Stored items
>>>>

(* For $\varepsilon\in[0,1]$, let $C(\varepsilon)$ be the infimum of the Chernoff information $C(P,Q)$ over all pairs of probability distributions $P,Q$ (on a common countable set) with $d_{\mathrm{TV}}(P,Q)=\varepsilon$. Then this infimum is attained (it is a minimum) and $$C(\varepsilon)=\begin{cases}-\tfrac12\log(1-\varepsilon^2), & \varepsilon\in[0,1),\\ +\infty, & \varepsilon=1.\end{cases}$$ For $\varepsilon\in[0,1)$ the minimum is achieved by the 2-element distributions $P=\left(\frac{1-\varepsilon}{2},\frac{1+\varepsilon}{2}\right)$, $Q=\left(\frac{1+\varepsilon}{2},\frac{1-\varepsilon}{2}\right)$.
   Context: For probability distributions $P,Q$ on a common countable set: the total variation distance is $d_{\mathrm{TV}}(P,Q)=\frac12\sum_x |P(x)-Q(x)|$, and the Chernoff information is $C(P,Q)=-\min_{\lambda\in[0,1]}\log\left(\sum_x P(x)^{\lambda}Q(x)^{1-\lambda}\right)$ (with $\log 0=-\infty$, so $C(P,Q)$ may be $+\infty$). Logarithms are natural. *)

theory Defs
  imports "HOL-Probability.Probability"
begin

text \<open>Probability distributions on a common countable set are modelled as
  probability mass functions on nat (every countable set injects into nat).\<close>

definition tv_dist :: "nat pmf \<Rightarrow> nat pmf \<Rightarrow> real" where
  "tv_dist P Q = (1/2) * (\<Sum>\<^sub>\<infinity>x. \<bar>pmf P x - pmf Q x\<bar>)"

definition elog :: "real \<Rightarrow> ereal" where
  "elog s = (if s = 0 then -\<infinity> else ereal (ln s))"

definition bhatt_sum :: "nat pmf \<Rightarrow> nat pmf \<Rightarrow> real \<Rightarrow> real" where
  "bhatt_sum P Q l = (\<Sum>\<^sub>\<infinity>x. pmf P x powr l * pmf Q x powr (1 - l))"

definition chernoff :: "nat pmf \<Rightarrow> nat pmf \<Rightarrow> ereal" where
  "chernoff P Q = - (INF l\<in>{0..1}. elog (bhatt_sum P Q l))"

definition chernoff_min :: "real \<Rightarrow> ereal" where
  "chernoff_min \<epsilon> = (INF PQ\<in>{(P, Q). tv_dist P Q = \<epsilon>}. chernoff (fst PQ) (snd PQ))"

end

theory Submission
  imports Defs
begin

(* The proof compares the Chernoff information with its value at lambda = 1/2.

   Restricting the infimum defining C(P,Q) to lambda = 1/2 gives
   C(P,Q) >= -log B(P,Q), where B(P,Q) = sum_x sqrt (P x * Q x) is the
   Bhattacharyya coefficient.  Writing |P x - Q x| as the product of
   |sqrt (P x) - sqrt (Q x)| and sqrt (P x) + sqrt (Q x), Cauchy-Schwarz yields
   (2 d_TV)^2 <= (2 - 2B)(2 + 2B), i.e. B^2 <= 1 - d_TV^2; hence
   C(P,Q) >= -(1/2) log (1 - eps^2), and C(P,Q) = +infinity when eps = 1.

   For the antipodal two-point pair P = ((1-eps)/2, (1+eps)/2),
   Q = ((1+eps)/2, (1-eps)/2), writing a = (1-eps)/2 and b = (1+eps)/2, the sum
   over x equals a^l b^(1-l) + b^l a^(1-l),
   which by AM-GM is at least 2 sqrt (a b) = sqrt (1 - eps^2), with equality
   at l = 1/2; so this pair attains the lower bound. *)

section \<open>A Hellinger-type estimate for nonnegative sums\<close>

text \<open>Finite version: the l1 distance of p and q is controlled by their total masses
  and the Bhattacharyya sum, by Cauchy-Schwarz applied to the factorisation
  |p - q| = |sqrt p - sqrt q| * (sqrt p + sqrt q).\<close>

lemma sum_abs_diff_sq_le:
  fixes p q :: "'a \<Rightarrow> real"
  assumes p0: "\<And>x. p x \<ge> 0" and q0: "\<And>x. q x \<ge> 0"
  shows "(\<Sum>x\<in>A. \<bar>p x - q x\<bar>)\<^sup>2
           \<le> ((\<Sum>x\<in>A. p x) + (\<Sum>x\<in>A. q x))\<^sup>2 - 4 * (\<Sum>x\<in>A. sqrt (p x * q x))\<^sup>2"
proof -
  define g where "g x = sqrt (p x * q x)" for x
  define a where "a x = \<bar>sqrt (p x) - sqrt (q x)\<bar>" for x
  define b where "b x = sqrt (p x) + sqrt (q x)" for x
  have root_prod: "sqrt (p x) * sqrt (q x) = g x" for x
    by (simp add: g_def real_sqrt_mult)
  have ab: "a x * b x = \<bar>p x - q x\<bar>" for x
  proof -
    have "a x * b x = \<bar>(sqrt (p x) - sqrt (q x)) * (sqrt (p x) + sqrt (q x))\<bar>"
      using p0[of x] q0[of x] by (simp add: a_def b_def abs_mult)
    also have "(sqrt (p x) - sqrt (q x)) * (sqrt (p x) + sqrt (q x)) = p x - q x"
      using p0[of x] q0[of x] by (simp add: algebra_simps)
    finally show ?thesis .
  qed
  have a2: "(a x)\<^sup>2 = p x + q x - 2 * g x" for x
    using p0[of x] q0[of x] root_prod[of x] by (simp add: a_def power2_eq_square algebra_simps)
  have b2: "(b x)\<^sup>2 = p x + q x + 2 * g x" for x
    using p0[of x] q0[of x] root_prod[of x] by (simp add: b_def power2_eq_square algebra_simps)
  have "(\<Sum>x\<in>A. \<bar>p x - q x\<bar>)\<^sup>2 \<le> (\<Sum>x\<in>A. (a x)\<^sup>2) * (\<Sum>x\<in>A. (b x)\<^sup>2)"
    using Cauchy_Schwarz_ineq_sum[of a b A] by (simp add: ab)
  also have "\<dots> = ((\<Sum>x\<in>A. p x) + (\<Sum>x\<in>A. q x))\<^sup>2 - 4 * (\<Sum>x\<in>A. g x)\<^sup>2"
  proof -
    have "(\<Sum>x\<in>A. (a x)\<^sup>2) = (\<Sum>x\<in>A. p x) + (\<Sum>x\<in>A. q x) - 2 * (\<Sum>x\<in>A. g x)"
      by (simp add: a2 sum.distrib sum_subtractf sum_distrib_left)
    moreover have "(\<Sum>x\<in>A. (b x)\<^sup>2) = (\<Sum>x\<in>A. p x) + (\<Sum>x\<in>A. q x) + 2 * (\<Sum>x\<in>A. g x)"
      by (simp add: b2 sum.distrib sum_distrib_left)
    ultimately show ?thesis by (simp only:) (simp add: power2_eq_square algebra_simps)
  qed
  finally show ?thesis by (simp add: g_def)
qed

lemma series_abs_diff_sq_le:
  fixes p q :: "nat \<Rightarrow> real"
  assumes "\<And>n. p n \<ge> 0" "\<And>n. q n \<ge> 0"
    and "p sums s" "q sums t"
    and "(\<lambda>n. \<bar>p n - q n\<bar>) sums d" "(\<lambda>n. sqrt (p n * q n)) sums g"
  shows "d\<^sup>2 \<le> (s + t)\<^sup>2 - 4 * g\<^sup>2"
proof (rule LIMSEQ_le)
  show "(\<lambda>n. (\<Sum>i<n. \<bar>p i - q i\<bar>)\<^sup>2) \<longlonglongrightarrow> d\<^sup>2"
    using assms(5) unfolding sums_def by (intro tendsto_intros)
  show "(\<lambda>n. ((\<Sum>i<n. p i) + (\<Sum>i<n. q i))\<^sup>2 - 4 * (\<Sum>i<n. sqrt (p i * q i))\<^sup>2)
          \<longlonglongrightarrow> (s + t)\<^sup>2 - 4 * g\<^sup>2"
    using assms(3,4,6) unfolding sums_def by (intro tendsto_intros)
  show "\<exists>N. \<forall>n\<ge>N. (\<Sum>i<n. \<bar>p i - q i\<bar>)\<^sup>2
          \<le> ((\<Sum>i<n. p i) + (\<Sum>i<n. q i))\<^sup>2 - 4 * (\<Sum>i<n. sqrt (p i * q i))\<^sup>2"
    using sum_abs_diff_sq_le[of p q, OF assms(1,2)] by blast
qed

<<<<

-- PROBLEM STATEMENT --
What is needed is every line of the records that contains the word "also".

-- ANSWER TO THIS TASK --
    also have "(sqrt (p x) - sqrt (q x)) * (sqrt (p x) + sqrt (q x)) = p x - q x"
  also have "\<dots> = ((\<Sum>x\<in>A. p x) + (\<Sum>x\<in>A. q x))\<^sup>2 - 4 * (\<Sum>x\<in>A. g x)\<^sup>2"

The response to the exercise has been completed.